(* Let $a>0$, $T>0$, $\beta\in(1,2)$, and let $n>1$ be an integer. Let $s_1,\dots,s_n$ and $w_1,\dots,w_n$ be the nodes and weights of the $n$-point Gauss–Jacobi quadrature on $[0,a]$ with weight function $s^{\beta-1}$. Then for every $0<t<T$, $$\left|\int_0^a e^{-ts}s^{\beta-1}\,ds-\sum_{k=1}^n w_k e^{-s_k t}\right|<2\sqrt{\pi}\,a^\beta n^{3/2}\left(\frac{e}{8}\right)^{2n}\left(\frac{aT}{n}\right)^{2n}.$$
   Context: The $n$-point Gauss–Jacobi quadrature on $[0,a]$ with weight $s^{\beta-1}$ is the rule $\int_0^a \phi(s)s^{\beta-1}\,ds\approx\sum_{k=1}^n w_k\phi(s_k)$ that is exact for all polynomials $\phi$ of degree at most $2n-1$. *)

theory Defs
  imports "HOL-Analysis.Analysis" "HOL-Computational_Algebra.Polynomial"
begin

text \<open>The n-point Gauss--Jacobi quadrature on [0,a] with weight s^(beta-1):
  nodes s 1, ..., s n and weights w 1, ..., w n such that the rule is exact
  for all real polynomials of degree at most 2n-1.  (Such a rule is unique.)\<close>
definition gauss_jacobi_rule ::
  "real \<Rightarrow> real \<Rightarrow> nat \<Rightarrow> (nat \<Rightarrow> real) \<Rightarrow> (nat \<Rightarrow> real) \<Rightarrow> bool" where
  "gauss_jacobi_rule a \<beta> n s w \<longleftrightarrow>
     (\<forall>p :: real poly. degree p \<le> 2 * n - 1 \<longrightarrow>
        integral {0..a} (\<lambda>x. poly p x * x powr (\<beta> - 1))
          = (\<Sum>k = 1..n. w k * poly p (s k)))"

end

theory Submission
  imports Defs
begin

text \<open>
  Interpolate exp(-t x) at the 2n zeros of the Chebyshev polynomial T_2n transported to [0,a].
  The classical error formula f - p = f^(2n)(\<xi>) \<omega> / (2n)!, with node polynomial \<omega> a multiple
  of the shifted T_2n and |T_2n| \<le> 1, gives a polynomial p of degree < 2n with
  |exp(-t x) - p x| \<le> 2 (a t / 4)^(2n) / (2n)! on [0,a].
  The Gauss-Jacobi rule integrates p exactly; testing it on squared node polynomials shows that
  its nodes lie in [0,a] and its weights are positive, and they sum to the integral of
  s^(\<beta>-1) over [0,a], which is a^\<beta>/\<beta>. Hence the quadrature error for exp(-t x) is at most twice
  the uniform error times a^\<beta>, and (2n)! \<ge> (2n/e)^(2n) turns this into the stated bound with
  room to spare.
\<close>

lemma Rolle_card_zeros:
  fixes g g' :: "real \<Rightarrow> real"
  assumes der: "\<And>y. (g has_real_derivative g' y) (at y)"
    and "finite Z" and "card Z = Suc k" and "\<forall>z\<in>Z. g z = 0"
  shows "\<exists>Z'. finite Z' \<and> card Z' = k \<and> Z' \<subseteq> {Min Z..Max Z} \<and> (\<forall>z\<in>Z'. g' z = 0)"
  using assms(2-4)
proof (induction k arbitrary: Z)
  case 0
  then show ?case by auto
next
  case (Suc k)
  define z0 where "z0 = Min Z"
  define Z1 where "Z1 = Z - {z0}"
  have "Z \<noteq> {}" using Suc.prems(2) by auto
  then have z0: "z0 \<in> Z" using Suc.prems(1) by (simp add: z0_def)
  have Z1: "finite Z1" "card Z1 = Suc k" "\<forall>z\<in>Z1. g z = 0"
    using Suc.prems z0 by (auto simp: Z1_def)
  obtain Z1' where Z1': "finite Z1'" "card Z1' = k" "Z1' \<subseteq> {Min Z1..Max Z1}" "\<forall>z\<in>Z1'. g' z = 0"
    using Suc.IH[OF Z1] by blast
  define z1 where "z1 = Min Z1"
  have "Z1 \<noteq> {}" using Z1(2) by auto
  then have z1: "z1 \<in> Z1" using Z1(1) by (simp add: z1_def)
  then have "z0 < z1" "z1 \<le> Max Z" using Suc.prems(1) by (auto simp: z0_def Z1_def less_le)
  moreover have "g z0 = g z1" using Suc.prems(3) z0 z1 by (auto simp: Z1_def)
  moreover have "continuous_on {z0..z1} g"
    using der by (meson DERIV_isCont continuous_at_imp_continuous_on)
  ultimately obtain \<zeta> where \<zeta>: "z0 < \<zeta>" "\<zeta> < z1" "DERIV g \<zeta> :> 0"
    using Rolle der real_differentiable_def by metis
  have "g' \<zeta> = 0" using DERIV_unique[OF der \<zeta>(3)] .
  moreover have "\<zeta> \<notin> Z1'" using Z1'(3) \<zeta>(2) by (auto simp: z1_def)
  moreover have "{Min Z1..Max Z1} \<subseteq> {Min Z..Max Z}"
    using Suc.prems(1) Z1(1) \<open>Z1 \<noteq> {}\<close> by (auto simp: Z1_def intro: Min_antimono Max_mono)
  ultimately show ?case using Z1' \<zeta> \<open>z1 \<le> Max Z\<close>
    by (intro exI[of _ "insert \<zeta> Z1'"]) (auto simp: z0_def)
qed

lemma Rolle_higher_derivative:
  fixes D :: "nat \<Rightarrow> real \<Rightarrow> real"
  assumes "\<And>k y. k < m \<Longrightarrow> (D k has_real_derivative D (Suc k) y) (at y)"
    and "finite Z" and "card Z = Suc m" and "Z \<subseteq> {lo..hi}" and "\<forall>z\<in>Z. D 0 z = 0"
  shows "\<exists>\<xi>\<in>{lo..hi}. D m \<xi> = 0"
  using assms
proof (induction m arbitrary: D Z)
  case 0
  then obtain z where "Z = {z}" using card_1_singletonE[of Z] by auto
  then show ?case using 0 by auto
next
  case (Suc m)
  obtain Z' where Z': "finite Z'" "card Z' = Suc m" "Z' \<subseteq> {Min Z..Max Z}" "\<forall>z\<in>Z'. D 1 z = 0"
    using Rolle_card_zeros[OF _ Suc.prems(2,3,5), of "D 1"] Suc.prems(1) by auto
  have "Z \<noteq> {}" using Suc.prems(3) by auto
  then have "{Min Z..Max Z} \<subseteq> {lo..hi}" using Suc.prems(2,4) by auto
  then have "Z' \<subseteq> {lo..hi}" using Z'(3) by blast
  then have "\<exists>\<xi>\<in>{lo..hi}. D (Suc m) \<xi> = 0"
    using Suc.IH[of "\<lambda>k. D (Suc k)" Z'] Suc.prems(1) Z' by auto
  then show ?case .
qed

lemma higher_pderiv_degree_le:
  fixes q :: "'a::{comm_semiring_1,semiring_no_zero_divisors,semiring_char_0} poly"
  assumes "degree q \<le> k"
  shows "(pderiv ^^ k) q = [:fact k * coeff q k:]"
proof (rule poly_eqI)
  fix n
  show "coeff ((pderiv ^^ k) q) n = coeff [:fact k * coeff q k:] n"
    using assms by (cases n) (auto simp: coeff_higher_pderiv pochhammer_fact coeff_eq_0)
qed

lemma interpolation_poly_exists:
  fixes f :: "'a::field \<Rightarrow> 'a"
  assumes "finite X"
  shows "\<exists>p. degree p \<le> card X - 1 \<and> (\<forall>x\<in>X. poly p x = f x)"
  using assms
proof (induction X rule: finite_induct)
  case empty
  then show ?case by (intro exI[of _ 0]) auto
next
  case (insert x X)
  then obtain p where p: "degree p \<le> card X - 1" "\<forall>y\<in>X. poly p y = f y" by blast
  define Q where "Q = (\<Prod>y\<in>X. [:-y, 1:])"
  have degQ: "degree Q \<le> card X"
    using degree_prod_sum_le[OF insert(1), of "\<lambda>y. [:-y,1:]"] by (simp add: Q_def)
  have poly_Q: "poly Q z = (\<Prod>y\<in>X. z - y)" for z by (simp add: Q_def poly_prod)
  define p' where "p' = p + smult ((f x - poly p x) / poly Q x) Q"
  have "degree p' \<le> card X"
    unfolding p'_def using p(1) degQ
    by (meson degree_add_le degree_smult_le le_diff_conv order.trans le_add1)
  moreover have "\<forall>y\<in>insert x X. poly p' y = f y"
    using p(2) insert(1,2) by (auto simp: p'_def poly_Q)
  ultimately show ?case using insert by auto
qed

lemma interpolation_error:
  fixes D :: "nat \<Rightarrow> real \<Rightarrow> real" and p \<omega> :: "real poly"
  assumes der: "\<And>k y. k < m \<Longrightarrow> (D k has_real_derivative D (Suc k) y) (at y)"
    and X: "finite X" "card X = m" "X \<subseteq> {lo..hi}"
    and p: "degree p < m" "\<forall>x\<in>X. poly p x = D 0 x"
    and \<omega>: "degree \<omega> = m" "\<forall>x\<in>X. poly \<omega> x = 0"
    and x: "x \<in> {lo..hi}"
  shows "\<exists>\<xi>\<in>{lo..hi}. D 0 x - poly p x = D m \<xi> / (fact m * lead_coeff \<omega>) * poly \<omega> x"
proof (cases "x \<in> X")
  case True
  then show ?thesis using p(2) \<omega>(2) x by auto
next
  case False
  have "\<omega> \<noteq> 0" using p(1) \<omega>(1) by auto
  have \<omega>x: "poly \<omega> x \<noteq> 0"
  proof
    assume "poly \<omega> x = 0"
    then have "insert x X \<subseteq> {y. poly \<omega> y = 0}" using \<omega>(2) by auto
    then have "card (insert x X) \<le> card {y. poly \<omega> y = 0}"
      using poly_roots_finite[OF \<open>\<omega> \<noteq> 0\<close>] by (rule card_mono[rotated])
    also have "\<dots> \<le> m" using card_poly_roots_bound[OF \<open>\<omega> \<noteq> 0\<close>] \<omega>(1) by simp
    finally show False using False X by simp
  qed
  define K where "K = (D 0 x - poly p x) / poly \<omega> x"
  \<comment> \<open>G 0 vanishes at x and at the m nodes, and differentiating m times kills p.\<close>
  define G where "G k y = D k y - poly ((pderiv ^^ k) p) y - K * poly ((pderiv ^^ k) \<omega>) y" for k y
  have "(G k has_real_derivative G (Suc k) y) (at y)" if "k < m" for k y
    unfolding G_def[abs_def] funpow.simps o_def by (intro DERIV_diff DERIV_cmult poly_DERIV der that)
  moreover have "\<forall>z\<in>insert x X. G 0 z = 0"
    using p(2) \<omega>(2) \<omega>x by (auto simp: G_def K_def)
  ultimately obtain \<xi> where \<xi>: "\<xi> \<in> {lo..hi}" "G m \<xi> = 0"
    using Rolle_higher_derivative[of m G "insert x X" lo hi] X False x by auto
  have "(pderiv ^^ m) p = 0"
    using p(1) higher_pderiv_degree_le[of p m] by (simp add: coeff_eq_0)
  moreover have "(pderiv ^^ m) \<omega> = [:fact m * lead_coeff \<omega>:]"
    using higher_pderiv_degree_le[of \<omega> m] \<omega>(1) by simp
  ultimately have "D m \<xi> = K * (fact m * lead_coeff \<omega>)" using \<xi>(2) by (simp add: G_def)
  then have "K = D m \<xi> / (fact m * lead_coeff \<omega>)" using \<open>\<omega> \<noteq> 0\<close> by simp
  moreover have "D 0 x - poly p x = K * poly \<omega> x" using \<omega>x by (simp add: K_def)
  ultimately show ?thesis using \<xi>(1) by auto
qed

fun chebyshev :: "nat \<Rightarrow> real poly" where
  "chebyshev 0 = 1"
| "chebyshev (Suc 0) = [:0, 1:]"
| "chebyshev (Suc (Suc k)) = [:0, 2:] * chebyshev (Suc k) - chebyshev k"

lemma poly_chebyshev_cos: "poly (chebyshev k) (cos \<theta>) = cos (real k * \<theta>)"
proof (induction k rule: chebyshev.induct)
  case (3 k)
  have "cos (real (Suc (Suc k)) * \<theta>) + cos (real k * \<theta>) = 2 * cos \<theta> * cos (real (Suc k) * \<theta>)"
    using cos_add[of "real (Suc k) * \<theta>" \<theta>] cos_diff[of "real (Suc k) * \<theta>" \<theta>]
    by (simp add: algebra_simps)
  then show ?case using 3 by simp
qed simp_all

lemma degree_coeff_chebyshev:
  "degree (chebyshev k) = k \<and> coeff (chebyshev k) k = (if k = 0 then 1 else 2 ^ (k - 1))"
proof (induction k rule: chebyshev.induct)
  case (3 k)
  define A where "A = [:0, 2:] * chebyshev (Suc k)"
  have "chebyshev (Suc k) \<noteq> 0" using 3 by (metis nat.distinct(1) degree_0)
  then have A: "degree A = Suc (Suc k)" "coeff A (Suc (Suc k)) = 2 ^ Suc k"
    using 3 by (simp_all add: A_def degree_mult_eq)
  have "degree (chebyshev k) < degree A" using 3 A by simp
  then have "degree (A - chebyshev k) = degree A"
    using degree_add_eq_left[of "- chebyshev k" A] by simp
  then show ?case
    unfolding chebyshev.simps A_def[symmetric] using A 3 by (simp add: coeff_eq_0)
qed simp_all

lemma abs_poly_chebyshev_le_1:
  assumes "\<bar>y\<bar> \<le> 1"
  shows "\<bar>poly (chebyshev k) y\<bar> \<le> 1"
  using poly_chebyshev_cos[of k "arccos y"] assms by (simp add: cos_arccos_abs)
────────────────
- **Instructions to follow**: Make a copy of each line in the records above that has the word "point".

- **Solution below**:
(* Let $a>0$, $T>0$, $\beta\in(1,2)$, and let $n>1$ be an integer. Let $s_1,\dots,s_n$ and $w_1,\dots,w_n$ be the nodes and weights of the $n$-point Gauss–Jacobi quadrature on $[0,a]$ with weight function $s^{\beta-1}$. Then for every $0<t<T$, $$\left|\int_0^a e^{-ts}s^{\beta-1}\,ds-\sum_{k=1}^n w_k e^{-s_k t}\right|<2\sqrt{\pi}\,a^\beta n^{3/2}\left(\frac{e}{8}\right)^{2n}\left(\frac{aT}{n}\right)^{2n}.$$
   Context: The $n$-point Gauss–Jacobi quadrature on $[0,a]$ with weight $s^{\beta-1}$ is the rule $\int_0^a \phi(s)s^{\beta-1}\,ds\approx\sum_{k=1}^n w_k\phi(s_k)$ that is exact for all polynomials $\phi$ of degree at most $2n-1$. *)
text \<open>The n-point Gauss--Jacobi quadrature on [0,a] with weight s^(beta-1):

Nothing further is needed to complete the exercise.